Just years before Tuck’s election, she had witnessed a brutal Supreme Court campaign between Judith Rogers and Robert Brown, who would win in a close and competitive race. For the mid-1990’s, the prospects for women in judicial politics was surprisingly behind major gains made at the legislative and executive branch levels.
However, Tuck was the first to be elected and she inspired a generation of women and paved the way for more gains for women on the state’s highest court.
NOW THERE ARE THREE
Tuck’s groundbreaking election to the Supreme Court is hard to fathom in this day and age of equal opportunity.
It was just 16 years ago that she won the seat.

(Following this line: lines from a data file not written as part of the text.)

(* The theorem is an instance of two general derivations in R.
   (1) For every profile phi of positive optimality conditions,
         rat_phi \<and> Box* rat_phi \<rightarrow> nu X. O_phi X.
       With S = Box* rat_phi and c = S \<and> rat_phi, unfolding S gives
       c \<rightarrow> Box c; the rationality axiom turns rat_phi \<and> Box c into O_phi c,
       so c \<rightarrow> O_phi c, and the fixpoint induction rule yields c \<rightarrow> nu X. O_phi X.
   (2) If each phi_i \<rightarrow> psi_i is first-order provable, then (Link) and (Incl)
       give nu X. O_phi X \<rightarrow> nu X. O_psi X.
   Chaining (1) for gbr with (2) for gbr \<rightarrow> lsd, a small first-order
   derivation, proves the theorem. *)

lemma tsubst_same_var: "tsubst x (TV x) t = t"
  by (cases t) auto

lemma osubst_same_var: "osubst x (TV x) p = p"
  by (induction p) (auto simp: tsubst_same_var)

lemma substitutable_same_var: "substitutable x (TV x) p"
  by (induction p) auto

lemma fo_ex_self: "fo_prov (OImp p (OEx x p))"
  using fo_exI[OF substitutable_same_var, of x p] by (simp add: osubst_same_var)

lemma fo_taut_mp: "otaut (OImp a b) \<Longrightarrow> fo_prov a \<Longrightarrow> fo_prov b"
  using fo_mp fo_taut by blast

When you talk to older attorneys and judges in the state, many can recall their law school days when there were less than a handful of females studying for law degrees. Men comprising more than 90 percent of classes was commonplace pre-1975.

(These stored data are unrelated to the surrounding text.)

lemma mu_n_eq_Max_divisors:
  assumes "n > 0"
  shows "mu_n n \<xi> \<xi>' = Max ((\<lambda>g. markoff_approx (real g * \<xi>) (real g * \<xi>')) ` {g. g dvd n})"
  unfolding markoff_approx_def mu_n_def
proof (rule SUP_eq_Max_SUP)
  show "finite {g. g dvd n}" "{g. g dvd n} \<noteq> {}" using assms by auto
next
  fix g and q :: "int \<times> int" assume g: "g \<in> {g. g dvd n}" and q: "q \<in> UNIV - {(0, 0)}"
  obtain s t where [simp]: "q = (s, t)" by fastforce
  have "g > 0" using g assms by (simp add: dvd_pos_nat)
  then have "(s, int g * t) \<in> UNIV - {(0, 0)}" using q by simp
  moreover have "markoff_term 1 (real g * \<xi>) (real g * \<xi>') s t \<le> markoff_term n \<xi> \<xi>' s (int g * t)"
    unfolding markoff_term_scale[OF \<open>g > 0\<close> assms]
    using g assms by (intro ereal_le_mult_ge_one gcd_weight_ge_one markoff_term_nonneg) simp_all
  ultimately show "\<exists>p\<in>UNIV - {(0, 0)}. (case q of (s, t) \<Rightarrow> markoff_term 1 (real g * \<xi>) (real g * \<xi>') s t)
      \<le> (case p of (s, t) \<Rightarrow> markoff_term n \<xi> \<xi>' s t)"
    by (auto intro!: bexI[of _ "(s, int g * t)"])
next
  fix p :: "int \<times> int" assume p: "p \<in> UNIV - {(0, 0)}"
  obtain s t where [simp]: "p = (s, t)" by fastforce
  obtain g t' where g: "g dvd n" "g > 0" and t: "t = int g * t'" and gcd: "gcd t (int n) = int g"
    using obtain_gcd_factor[OF assms] .
  have "(s, t') \<in> UNIV - {(0, 0)}" using p t by auto
  moreover have "markoff_term n \<xi> \<xi>' s t = markoff_term 1 (real g * \<xi>) (real g * \<xi>') s t'"
    using markoff_term_scale[OF \<open>g > 0\<close> assms] gcd g t by simp
  ultimately show "\<exists>g\<in>{g. g dvd n}. \<exists>q\<in>UNIV - {(0, 0)}. (case p of (s, t) \<Rightarrow> markoff_term n \<xi> \<xi>' s t)
      \<le> (case q of (s, t) \<Rightarrow> markoff_term 1 (real g * \<xi>) (real g * \<xi>') s t)"
    using g by (auto intro!: bexI[of _ "(s, t')"])
qed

In 2012, the most recent statistics available, Arkansas’ two law schools boast a gender make-up of roughly 55 percent male and 45 percent female. During the last decade, there have been instances at the University of Arkansas at Little Rock Law School when women have outpaced men in enrollment.
Today, the Arkansas Supreme Court has three female justices on the bench and with looming retirements, open seats and upcoming elections, the high bench could see an even greater transformation in the next two election cycles.
Justices Karen Baker, Courtney Goodson, and Josephine Hart come from extremely different backgrounds, yet they all knew at very early ages that pursuit of legal careers were their calling.
JUSTICE KAREN BAKER
Baker, who will run for re-election in 2014 after winning a vacated seat in 2010, was in early high school when she determined her path.
Her father had a small, independent construction company in Clinton, Arkansas. Involved in a legal dispute with a utility company, Baker said her family nearly lost everything in the lawsuit, which she described as a “major crisis.”
The attorney representing her father allowed her to hang out and watch him handle matters, leaving the impressionable teen with a hunger for the law.
“I was just really impressed with the ability to help people in that situation and I knew I wanted to pursue that,” Baker said.
After graduating from Arkansas Tech University in Russellville, Baker attended law school at night at the University of Arkansas at Little Rock during the mid-80’s.
“When I was in law school, the number of women was roughly equal to men, but not as many of the women finished,” she recalls. “There were a lot of different pressures, family pressures, that kept women from finishing.”
Despite that influx of women at the law school, it was apparent that the world was still adapting to the times.
Baker said the old bar center (near Little Rock’s Doubletree Hotel) didn’t have a women’s bathroom on the students’ floor. There was one on the top floor where secretaries worked during the day and one on the floor below which housed law school administrators.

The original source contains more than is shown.